Apprendre la musique n’a jamais été aussi facile et accessible grâce aux nombreux tutoriels sur le web (exit le conservatoire).

Moins chers qu’il y a 20 ans, les instruments nous permettent de casser les oreilles aux voisins plus facilement. Nous pouvons désormais faire rentrer un orchestre dans notre chambre aux moyens de nouveaux bidules électroniques. Technologies électroniques nous permettant également d’enregistrer, mixer et masteriser nos titres sans sortir de la maison et nous évitant la location onéreuse d’un studio d’enregistrement.

La diffusion de ces créations peut se faire en quelques cliques grâce à Bandcamp et autres sites dédiés, nous autorisant à trouver des fans, même à l’autre bout du monde, sans bouger nos fesses de l’écran ; fans auxquelles nous pourrons ensuite demander une aide pour financer nos prochains albums, tournées, clips ou autres tee-shirts. Nous pouvons également réaliser un super clip uniquement à l’aide de notre téléphone et faire des millions de vues sur YouTube. Avant, il fallait une caméra, des micros, développer son film… pour ensuite n’être montré qu’à pépé et mémé !

Pour réaliser une pochette ou des affiches, ce ne sont pas les applications qui manquent pour faire un beau visuel. Pas de Rotring qui bavent et de Letraset pas alignés. D’ailleurs les affiches et les flyers nous n’en aurons bientôt plus besoin. Combien de concerts sont complets sans le moindre papier? Plus besoin non plus de photocopies de dossier de presse et de bio, tout passe également par les tuyaux.

Jouer aussi est devenu plus easy. Même si de nombreuses MJC ferment (merci une partie des élus…) il y a tout de même beaucoup plus de bars, de petits clubs et de SMAC. Sans oublier dans cette quête à la création, les nombreuses aides et subventions de la part de sociétés civiles fondations, et pouvoirs publics (quand bien même il faut presque monter une société avant de se pencher sur l’artistique). Cependant là encore une solution s’offre à nous avec ces nombreuses personnes et structures associatives prêtent à soutenir artistes/groupes et à s’occuper des tâches les moins ragoutantes nécessaires à la réussite d’un projet musicale.

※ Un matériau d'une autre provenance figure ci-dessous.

lemma T_br: "br (T u) (T v) = T (\<rho> (T u) v - \<rho> (T v) u)"
  using RB by (simp add: relative_RB_def)

lemma T_tr: "tr (T u) (T v) (T w) = T (D (T u) (T v) w + \<mu> (T v) (T w) u - \<mu> (T u) (T w) v)"
  using RB by (simp add: relative_RB_def)

lemmas rep_simps = Dop_def mu_br_left mu_br_right rho_tr mu_tr_right mu_tr_left linear_simps

definition rb_br :: "'v \<Rightarrow> 'v \<Rightarrow> 'v" where
  "rb_br u v = \<rho> (T u) v - \<rho> (T v) u"

definition rb_tr :: "'v \<Rightarrow> 'v \<Rightarrow> 'v \<Rightarrow> 'v" where
  "rb_tr u v w = D (T u) (T v) w + \<mu> (T v) (T w) u - \<mu> (T u) (T w) v"

lemma T_rb_br: "T (rb_br u v) = br (T u) (T v)"
  unfolding rb_br_def by (simp add: T_br)

lemma T_rb_tr: "T (rb_tr u v w) = tr (T u) (T v) (T w)"
  unfolding rb_tr_def by (simp add: T_tr)

lemma rb_tr_skew: "rb_tr x y z = - rb_tr y x z"
  unfolding rb_tr_def using br_skew[of "T y" "T x"]
  by (simp add: Dop_def linear_simps algebra_simps)

lemma rb_jacobi: "rb_br (rb_br x y) z + rb_br (rb_br y z) x + rb_br (rb_br z x) y
    + rb_tr x y z + rb_tr y z x + rb_tr z x y = 0"
proof -
  have unfold: "rb_br (rb_br p q) r = \<rho> (br (T p) (T q)) r - \<rho> (T r) (rb_br p q)" for p q r
    by (simp only: rb_br_def[of "rb_br p q" r] T_rb_br)
  show ?thesis unfolding unfold by (simp add: rep_simps rb_br_def rb_tr_def algebra_simps)
qed

lemma rb_tr_br_cyclic:
  "rb_tr (rb_br x y) z w + rb_tr (rb_br y z) x w + rb_tr (rb_br z x) y w = 0" (is "?lhs = 0")
proof -
  have unfold: "rb_tr (rb_br p q) r w = D (br (T p) (T q)) (T r) w + \<mu> (T r) (T w) (rb_br p q)
      - \<mu> (br (T p) (T q)) (T w) r" for p q r
    by (simp only: rb_tr_def[of "rb_br p q" r w] T_rb_br)
  have jacobi: "\<rho> (br (br (T x) (T y)) (T z)) w + \<rho> (br (br (T y) (T z)) (T x)) w
      + \<rho> (br (br (T z) (T x)) (T y)) w + \<rho> (tr (T x) (T y) (T z)) w
      + \<rho> (tr (T y) (T z) (T x)) w + \<rho> (tr (T z) (T x) (T y)) w = 0" (is "?J = 0")
    using arg_cong[OF LY_jacobi, of "\<lambda>g. \<rho> g w"] by (simp only: linear_simps)
  have "?lhs + ?J = 0"
    unfolding unfold by (simp add: rep_simps rb_br_def algebra_simps)
  with jacobi show ?thesis by simp
qed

En résumé, si tout n’est pas rose dans le milieu de la musique, tracer sa route n’a finalement jamais été aussi simple et ne le sera sans-doute jamais plus. Cette 10ème édition de la JIMI souhaite donc célébrer les nouveaux outils aux services des artistes ainsi que l’huile de coude de l’ensemble des acteurs indés, matière première indispensable à la réalisation de projets artistiques.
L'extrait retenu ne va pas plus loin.